Jack and Eva exchanged glances. He understood.
“Let me ring for Genevieve,” the madam continued, cheerful. She strolled toward a bell pull. “She’s just the girl for you.”
“Don’t,” Eva said, darting forward. But too late. Mrs. Arram lunged for the bell pull and tugged on it.
A door concealed within the wall’s paneling swung open and a hulking man with thinning hair barreled into the room. He stalked toward Jack. “Lady of the house wants you out,” he said, with a bored tone of voice that spoke to the number of times he’d been called upon to roust unruly customers.
But he’d never dealt with a customer like Jack. Thinning Hair reached for him, and Jack immediately plowed his fist square into the bully’s chest. His would-be assailant staggered back, gasping.
Screaming, the prostitutes leaped up from their seats. The lone customer in the parlor unceremoniously threw the girl in his lap to the floor as he jumped to his feet. He darted out the side door without a backward glance.
“Behind you,” Eva called to Jack as the smashed-faced bully from the front door came thundering into the room. Smashed Face brandished a heavy cudgel and saw immediately that Jack was the threat.
“It’s Diamond Jack Dalton!” the madam screeched.
Both guards’ faces briefly paled with fear as they realized whom they confronted. Eva had known Jack possessed a reputation, but she hadn’t understood its true scope until that moment. These two paid thugs, both clearly hardened criminals, were frightened of him.
But they were rough men, too, and their fear turned to rage. Thinning Hair pulled a knife from a sheath on the back of his belt. Snarling, he waved it at Jack.
Eva stepped forward, intending to help Jack with his two opponents, but saw the madam reaching into the drawer of a table. Metal glinted. A gun. Before Mrs. Arram could pull out the pistol, Eva drove her fist into the woman’s face. The madam went down noiselessly, dropping the gun. The weapon skittered under a heavy cabinet.
In a flurry of lace and perfume, the girls in the parlor fled, shrieking like terrified parrots.

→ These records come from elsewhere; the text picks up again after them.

(* Each of the following families of functions $\omega_k\colon \mathbb{N}_0\to\mathbb{N}$, indexed by $k\in\mathbb{N}$, is a convex growth family: (1) $\omega_k(n)=k^n$; (2) $\omega_k(n)=2^{kn}$; (3) $\omega_k(n)=k^n\cdot n!$; (4) $\omega_k(n)=k^{n^2}$; (5) $\omega_k(n)=k^n (n!)^k$.
   Context: $\mathbb{N}=\{1,2,3,\dots\}$, $\mathbb{N}_0=\mathbb{N}\cup\{0\}$. A family $(\omega_k)_{k\in\mathbb{N}}$ of functions $\omega_k\colon\mathbb{N}_0\to\mathbb{N}$ is a growth family if for all $k\in\mathbb{N}$ and $n,m\in\mathbb{N}_0$: (W1) $\omega_k(0)=1$ and $\omega_k(n)\le\omega_{k+1}(n)$; (W2) $\omega_k(n)\omega_k(m)\le\omega_k(n+m)$; (W3) for every $k_1\in\mathbb{N}$ there is $k_2\ge k_1$ with $\omega_{k_2}(n)\ge 2^n\omega_{k_1}(n)$ for all $n\in\mathbb{N}_0$. A growth family is convex if for every $k_1$ one can choose $k_2\ge k_1$ as in (W3) such that in addition for every $k_3\ge k_2$ there exists $\alpha\in\,]0,1[$ with $\omega_{k_1}(n)^\alpha\omega_{k_3}(n)^{1-\alpha}\le\omega_{k_2}(n)$ for all $n\in\mathbb{N}_0$. *)

theory Defs
  imports Complex_Main
begin

text \<open>A family indexed by k in the positive naturals, each member a function
  from nat (including 0) to the positive naturals. Indices k = 0 are ignored.\<close>

definition growth_family :: "(nat \<Rightarrow> nat \<Rightarrow> nat) \<Rightarrow> bool" where
  "growth_family \<omega> \<longleftrightarrow>
     (\<forall>k\<ge>1. \<forall>n. 1 \<le> \<omega> k n) \<and>
     (\<forall>k\<ge>1. \<omega> k 0 = 1 \<and> (\<forall>n. \<omega> k n \<le> \<omega> (k + 1) n)) \<and>
     (\<forall>k\<ge>1. \<forall>n m. \<omega> k n * \<omega> k m \<le> \<omega> k (n + m)) \<and>
     (\<forall>k1\<ge>1. \<exists>k2\<ge>k1. \<forall>n. 2 ^ n * \<omega> k1 n \<le> \<omega> k2 n)"

definition convex_growth_family :: "(nat \<Rightarrow> nat \<Rightarrow> nat) \<Rightarrow> bool" where
  "convex_growth_family \<omega> \<longleftrightarrow>
     growth_family \<omega> \<and>
     (\<forall>k1\<ge>1. \<exists>k2\<ge>k1. (\<forall>n. 2 ^ n * \<omega> k1 n \<le> \<omega> k2 n) \<and>
        (\<forall>k3\<ge>k2. \<exists>\<alpha>::real. 0 < \<alpha> \<and> \<alpha> < 1 \<and>
           (\<forall>n. real (\<omega> k1 n) powr \<alpha> * real (\<omega> k3 n) powr (1 - \<alpha>) \<le> real (\<omega> k2 n))))"

end

theory Submission
  imports Defs
begin

text \<open>The convexity condition is a statement about logarithms: it asks for
  \<open>\<alpha> ln \<omega>\<^sub>k\<^sub>1 n + (1 - \<alpha>) ln \<omega>\<^sub>k\<^sub>3 n \<le> ln \<omega>\<^sub>k\<^sub>2 n\<close> uniformly in \<open>n\<close>.
  In each family \<open>ln \<omega>\<^sub>k n\<close> is a sum of terms \<open>c k * u n\<close> with \<open>u \<ge> 0\<close> and \<open>c\<close> either
  constant or strictly increasing. A constant term is harmless, and for an increasing one
  the weighted means \<open>\<alpha> c k\<^sub>1 + (1 - \<alpha>) c k\<^sub>3\<close> tend to \<open>c k\<^sub>1 < c k\<^sub>2\<close> as \<open>\<alpha> \<rightarrow> 1\<close>,
  which yields one \<open>\<alpha>\<close> that works for all \<open>n\<close> at once. The same choice
  \<open>k\<^sub>2 = 2 k\<^sub>1\<close> gives the doubling condition.\<close>

text \<open>Asking for the bound for all \<open>\<alpha>\<close> close to 1, rather than for a single \<open>\<alpha>\<close>,
  makes the notion closed under products.\<close>

definition geom_mean_bounded :: "(nat \<Rightarrow> real) \<Rightarrow> (nat \<Rightarrow> real) \<Rightarrow> (nat \<Rightarrow> real) \<Rightarrow> bool" where
  "geom_mean_bounded f h g \<longleftrightarrow>
     (\<forall>\<^sub>F \<alpha> in at_left 1. \<forall>n. f n powr \<alpha> * h n powr (1 - \<alpha>) \<le> g n)"

lemma geom_mean_boundedD:
  assumes "geom_mean_bounded f h g"
  shows "\<exists>\<alpha>. 0 < \<alpha> \<and> \<alpha> < 1 \<and> (\<forall>n. f n powr \<alpha> * h n powr (1 - \<alpha>) \<le> g n)"
proof -
  have "\<forall>\<^sub>F \<alpha> in at_left (1::real). \<alpha> \<in> {0<..<1} \<and> (\<forall>n. f n powr \<alpha> * h n powr (1 - \<alpha>) \<le> g n)"
    using eventually_at_left_real[of 0 1] assms unfolding geom_mean_bounded_def
    by (auto elim: eventually_elim2)
  from eventually_happens[OF this] show ?thesis by auto
qed

lemma geom_mean_bounded_exp:
  assumes "\<And>n. 0 \<le> u n" and "a < b"
  shows "geom_mean_bounded (\<lambda>n. exp (u n * a)) (\<lambda>n. exp (u n * c)) (\<lambda>n. exp (u n * b))"
proof -
  have "((\<lambda>\<alpha>. \<alpha> * a + (1 - \<alpha>) * c) \<longlongrightarrow> 1 * a + (1 - 1) * c) (at_left 1)"
    by (intro tendsto_intros)
  then have "\<forall>\<^sub>F \<alpha> in at_left 1. \<alpha> * a + (1 - \<alpha>) * c < b"
    using \<open>a < b\<close> by (intro order_tendstoD) auto
  then show ?thesis
    unfolding geom_mean_bounded_def
  proof (rule eventually_mono, intro allI)
    fix \<alpha> n assume "\<alpha> * a + (1 - \<alpha>) * c < b"
    then have "u n * (\<alpha> * a + (1 - \<alpha>) * c) \<le> u n * b"
      using assms(1) by (intro mult_left_mono) auto
    then show "exp (u n * a) powr \<alpha> * exp (u n * c) powr (1 - \<alpha>) \<le> exp (u n * b)"
      by (simp add: exp_powr_real flip: exp_add) (simp add: algebra_simps)
  qed
qed

lemma geom_mean_bounded_power_base:
  fixes a b c :: real
  assumes "0 < a" "a < b" "0 < c"
  shows "geom_mean_bounded (\<lambda>n. a ^ p n) (\<lambda>n. c ^ p n) (\<lambda>n. b ^ p n)"
proof -
  have "geom_mean_bounded (\<lambda>n. exp (real (p n) * ln a)) (\<lambda>n. exp (real (p n) * ln c))
          (\<lambda>n. exp (real (p n) * ln b))"
    using assms by (intro geom_mean_bounded_exp) auto
  with assms show ?thesis by (simp add: exp_of_nat_mult)
qed

lemma geom_mean_bounded_power_exponent:
  fixes a b c :: nat
  assumes "\<And>n. 1 \<le> x n" and "a < b"
  shows "geom_mean_bounded (\<lambda>n. x n ^ a) (\<lambda>n. x n ^ c) (\<lambda>n. x n ^ b)"
proof -
  have "geom_mean_bounded (\<lambda>n. exp (ln (x n) * real a)) (\<lambda>n. exp (ln (x n) * real c))
          (\<lambda>n. exp (ln (x n) * real b))"
    using assms by (intro geom_mean_bounded_exp) auto
  moreover have "0 < x n" for n using assms(1)[of n] by linarith
  ultimately show ?thesis by (simp add: mult.commute[of "ln _"] exp_of_nat_mult)
qed

lemma geom_mean_bounded_refl:
  assumes "\<And>n. 0 \<le> f n"
  shows "geom_mean_bounded f f f"
  unfolding geom_mean_bounded_def
proof (rule always_eventually, intro allI)
  fix \<alpha> n
  show "f n powr \<alpha> * f n powr (1 - \<alpha>) \<le> f n"
    using assms[of n] by (cases "f n = 0") (simp_all flip: powr_add)
qed

lemma geom_mean_bounded_mult:
  assumes "geom_mean_bounded f1 h1 g1" "geom_mean_bounded f2 h2 g2"
    and "\<And>n. 0 \<le> f1 n" "\<And>n. 0 \<le> f2 n" "\<And>n. 0 \<le> h1 n" "\<And>n. 0 \<le> h2 n"
  shows "geom_mean_bounded (\<lambda>n. f1 n * f2 n) (\<lambda>n. h1 n * h2 n) (\<lambda>n. g1 n * g2 n)"
  using assms(1,2) unfolding geom_mean_bounded_def
proof (rule eventually_elim2, intro allI)
  fix \<alpha> n
  assume "\<forall>n. f1 n powr \<alpha> * h1 n powr (1 - \<alpha>) \<le> g1 n" "\<forall>n. f2 n powr \<alpha> * h2 n powr (1 - \<alpha>) \<le> g2 n"
  then have "(f1 n powr \<alpha> * h1 n powr (1 - \<alpha>)) * (f2 n powr \<alpha> * h2 n powr (1 - \<alpha>)) \<le> g1 n * g2 n"
    by (intro mult_mono') auto
  then show "(f1 n * f2 n) powr \<alpha> * (h1 n * h2 n) powr (1 - \<alpha>) \<le> g1 n * g2 n"
    using assms(3-6) by (simp add: powr_mult mult_ac)
qed

lemma convex_growth_family_doublingI:
  assumes "\<And>k n. 1 \<le> k \<Longrightarrow> 1 \<le> \<omega> k n"
    and "\<And>k. 1 \<le> k \<Longrightarrow> \<omega> k 0 = 1"
    and "\<And>k n. 1 \<le> k \<Longrightarrow> \<omega> k n \<le> \<omega> (k + 1) n"
    and "\<And>k n m. 1 \<le> k \<Longrightarrow> \<omega> k n * \<omega> k m \<le> \<omega> k (n + m)"
    and doubling: "\<And>k n. 1 \<le> k \<Longrightarrow> 2 ^ n * \<omega> k n \<le> \<omega> (2 * k) n"
    and interpolation: "\<And>k1 k3. 1 \<le> k1 \<Longrightarrow> 2 * k1 \<le> k3 \<Longrightarrow>
      geom_mean_bounded (\<lambda>n. real (\<omega> k1 n)) (\<lambda>n. real (\<omega> k3 n)) (\<lambda>n. real (\<omega> (2 * k1) n))"
  shows "convex_growth_family \<omega>"
  unfolding convex_growth_family_def growth_family_def
proof (intro conjI allI impI)
  fix k1 :: nat assume k1: "1 \<le> k1"
  then show "\<exists>k2\<ge>k1. \<forall>n. 2 ^ n * \<omega> k1 n \<le> \<omega> k2 n"
    using doubling by (intro exI[of _ "2 * k1"]) auto
  show "\<exists>k2\<ge>k1. (\<forall>n. 2 ^ n * \<omega> k1 n \<le> \<omega> k2 n) \<and>
          (\<forall>k3\<ge>k2. \<exists>\<alpha>::real. 0 < \<alpha> \<and> \<alpha> < 1 \<and>
             (\<forall>n. real (\<omega> k1 n) powr \<alpha> * real (\<omega> k3 n) powr (1 - \<alpha>) \<le> real (\<omega> k2 n)))"
  proof (intro exI[of _ "2 * k1"] conjI allI impI)
    fix k3 assume "2 * k1 \<le> k3"
    with k1 show "\<exists>\<alpha>::real. 0 < \<alpha> \<and> \<alpha> < 1 \<and>
        (\<forall>n. real (\<omega> k1 n) powr \<alpha> * real (\<omega> k3 n) powr (1 - \<alpha>) \<le> real (\<omega> (2 * k1) n))"
      by (intro geom_mean_boundedD interpolation)
  qed (use k1 doubling in auto)
qed (use assms(1-4) in blast)+

lemma fact_mult_fact_le: "fact m * fact n \<le> (fact (m + n) :: nat)"
proof -
  have "fact m * fact n * (m + n choose m) = (fact (m + n) :: nat)"
    using binomial_fact_lemma[of m "m + n"] by simp
  moreover have "1 \<le> m + n choose m"
    using zero_less_binomial[of m "m + n"] by linarith
  ultimately show ?thesis
    by (metis mult_le_mono2 nat_mult_1_right)
qed

lemma convex_growth_family_power: "convex_growth_family (\<lambda>k n. k ^ n)"
proof (rule convex_growth_family_doublingI)
  fix k1 k3 :: nat assume "1 \<le> k1" "2 * k1 \<le> k3"
  then show "geom_mean_bounded (\<lambda>n. real (k1 ^ n)) (\<lambda>n. real (k3 ^ n)) (\<lambda>n. real ((2 * k1) ^ n))"
    using geom_mean_bounded_power_base[of "real k1" "real (2 * k1)" "real k3"] by simp
next
  fix k n :: nat
  show "k ^ n \<le> (k + 1) ^ n" by (rule power_mono) auto
qed (simp_all add: one_le_power power_add power_mult_distrib)


lemma convex_growth_family_two_power: "convex_growth_family (\<lambda>k n. 2 ^ (k * n))"
proof (rule convex_growth_family_doublingI)
  fix k1 k3 :: nat assume "1 \<le> k1" "2 * k1 \<le> k3"
  have power_swap: "real (2 ^ (k * n)) = (2 ^ n) ^ k" for k n :: nat
    by (simp add: mult.commute[of k] power_mult)
  show "geom_mean_bounded (\<lambda>n. real (2 ^ (k1 * n))) (\<lambda>n. real (2 ^ (k3 * n)))
      (\<lambda>n. real (2 ^ (2 * k1 * n)))"
    unfolding power_swap using \<open>1 \<le> k1\<close> by (intro geom_mean_bounded_power_exponent) auto
next
  fix k n :: nat assume "1 \<le> k"
  then show "2 ^ n * 2 ^ (k * n) \<le> (2::nat) ^ (2 * k * n)"
    by (simp flip: power_add)
next
  fix k n :: nat
  show "(2::nat) ^ (k * n) \<le> 2 ^ ((k + 1) * n)" by (rule power_increasing) auto
qed (simp_all flip: power_add add: distrib_left)

lemma convex_growth_family_power_fact: "convex_growth_family (\<lambda>k n. k ^ n * fact n)"
proof (rule convex_growth_family_doublingI)
  fix k1 k3 :: nat assume "1 \<le> k1" "2 * k1 \<le> k3"
  then have "geom_mean_bounded (\<lambda>n. real k1 ^ n * fact n) (\<lambda>n. real k3 ^ n * fact n)
      (\<lambda>n. real (2 * k1) ^ n * fact n)"
    by (intro geom_mean_bounded_mult geom_mean_bounded_power_base geom_mean_bounded_refl) auto
  then show "geom_mean_bounded (\<lambda>n. real (k1 ^ n * fact n)) (\<lambda>n. real (k3 ^ n * fact n))
      (\<lambda>n. real ((2 * k1) ^ n * fact n))"
    by simp
next
  fix k n m :: nat
  have "k ^ n * fact n * (k ^ m * fact m) = k ^ (n + m) * (fact n * fact m)"
    by (simp add: power_add algebra_simps)
  also have "\<dots> \<le> k ^ (n + m) * fact (n + m)"
    by (intro mult_left_mono fact_mult_fact_le) auto
  finally show "k ^ n * fact n * (k ^ m * fact m) \<le> k ^ (n + m) * fact (n + m)" .
next
  fix k n :: nat
  show "k ^ n * fact n \<le> (k + 1) ^ n * fact n"
    by (intro mult_right_mono power_mono) auto
next
  fix k n :: nat assume "1 \<le> k"
  then show "1 \<le> k ^ n * fact n"
    by (metis fact_ge_1 mult_le_mono one_le_power nat_mult_1)
qed (simp_all add: power_mult_distrib)

lemma convex_growth_family_power_square: "convex_growth_family (\<lambda>k n. k ^ (n ^ 2))"
proof (rule convex_growth_family_doublingI)
  fix k1 k3 :: nat assume "1 \<le> k1" "2 * k1 \<le> k3"
  then show "geom_mean_bounded (\<lambda>n. real (k1 ^ n\<^sup>2)) (\<lambda>n. real (k3 ^ n\<^sup>2))
      (\<lambda>n. real ((2 * k1) ^ n\<^sup>2))"
    using geom_mean_bounded_power_base[of "real k1" "real (2 * k1)" "real k3"] by simp
next
  fix k n m :: nat assume "1 \<le> k"
  then have "k ^ (n\<^sup>2 + m\<^sup>2) \<le> k ^ (n + m)\<^sup>2"
    by (intro power_increasing) (auto simp: power2_sum)
  then show "k ^ n\<^sup>2 * k ^ m\<^sup>2 \<le> k ^ (n + m)\<^sup>2"
    by (simp add: power_add)
next
  fix k n :: nat
  have "(2::nat) ^ n \<le> 2 ^ n\<^sup>2"
    by (intro power_increasing) (auto simp: power2_eq_square)
  then show "2 ^ n * k ^ n\<^sup>2 \<le> (2 * k) ^ n\<^sup>2"
    by (simp add: power_mult_distrib)
next
  fix k n :: nat
  show "k ^ n\<^sup>2 \<le> (k + 1) ^ n\<^sup>2" by (rule power_mono) auto
qed (simp_all add: one_le_power)

lemma convex_growth_family_power_fact_power:
  "convex_growth_family (\<lambda>k n. k ^ n * fact n ^ k)"
proof (rule convex_growth_family_doublingI)
  fix k1 k3 :: nat assume "1 \<le> k1" "2 * k1 \<le> k3"
  then have "geom_mean_bounded (\<lambda>n. real k1 ^ n * fact n ^ k1) (\<lambda>n. real k3 ^ n * fact n ^ k3)
      (\<lambda>n. real (2 * k1) ^ n * fact n ^ (2 * k1))"
    by (intro geom_mean_bounded_mult geom_mean_bounded_power_base geom_mean_bounded_power_exponent)
      auto
  then show "geom_mean_bounded (\<lambda>n. real (k1 ^ n * fact n ^ k1)) (\<lambda>n. real (k3 ^ n * fact n ^ k3))
      (\<lambda>n. real ((2 * k1) ^ n * fact n ^ (2 * k1)))"
    by simp
next
  fix k n m :: nat
  have "k ^ n * fact n ^ k * (k ^ m * fact m ^ k) = k ^ (n + m) * (fact n * fact m) ^ k"
    by (simp add: power_add power_mult_distrib algebra_simps)
  also have "\<dots> \<le> k ^ (n + m) * fact (n + m) ^ k"
    by (intro mult_left_mono power_mono fact_mult_fact_le) auto
  finally show "k ^ n * fact n ^ k * (k ^ m * fact m ^ k) \<le> k ^ (n + m) * fact (n + m) ^ k" .
next
  fix k n :: nat
  have "(fact n :: nat) ^ k \<le> fact n ^ (k + 1)" by (rule power_increasing) auto
  then show "k ^ n * fact n ^ k \<le> (k + 1) ^ n * fact n ^ (k + 1)"
    by (intro mult_mono power_mono) auto
next
  fix k n :: nat
  have "(fact n :: nat) ^ k \<le> fact n ^ (2 * k)" by (rule power_increasing) auto
  then show "2 ^ n * (k ^ n * fact n ^ k) \<le> (2 * k) ^ n * fact n ^ (2 * k)"
    by (simp add: power_mult_distrib)
next
  fix k n :: nat assume "1 \<le> k"
  then show "1 \<le> k ^ n * fact n ^ k"
    by (metis fact_ge_1 mult_le_mono one_le_power nat_mult_1)
qed simp

theorem proposition1p4:
  shows "convex_growth_family (\<lambda>k n. k ^ n) \<and>
         convex_growth_family (\<lambda>k n. 2 ^ (k * n)) \<and>
         convex_growth_family (\<lambda>k n. k ^ n * fact n) \<and>
         convex_growth_family (\<lambda>k n. k ^ (n ^ 2)) \<and>
         convex_growth_family (\<lambda>k n. k ^ n * (fact n) ^ k)"
  using convex_growth_family_power convex_growth_family_two_power convex_growth_family_power_fact
    convex_growth_family_power_square convex_growth_family_power_fact_power
  by blast

end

Whirling around, Eva saw Smashed Face charge Jack. The bully swung his club. Fast as fire, Jack lashed out, grabbing hold of Smashed Face’s wrist and preventing the bully’s strike from connecting. Jack seized hold of the other end of the club. Using his hold on the bully’s wrist, he flung Smashed Face to the ground. Smashed Face grunted as he went down hard, and Jack twisted the club out of his hand.
Armed with the cudgel, Jack faced off against Thinning Hair. The bully slashed at him with his knife, gaslight gleaming lewdly off the blade. Jack parried the blows, holding his assailant back with swings of the cudgel. Back and forth, they traded feints and strikes. Eva longed to run to his aid, but if she tried to insert herself into the fray, she’d only distract Jack and likely get them both hurt in the process.
And to watch him fight like this, tough and dirty, mesmerized her. He had a natural skill, an innate understanding of when the next strike might be coming, and he battled back with a street-born warrior’s grace. There were no civilized rules, no gentlemanly principles at play. He only meant to hurt his opponents, by any means.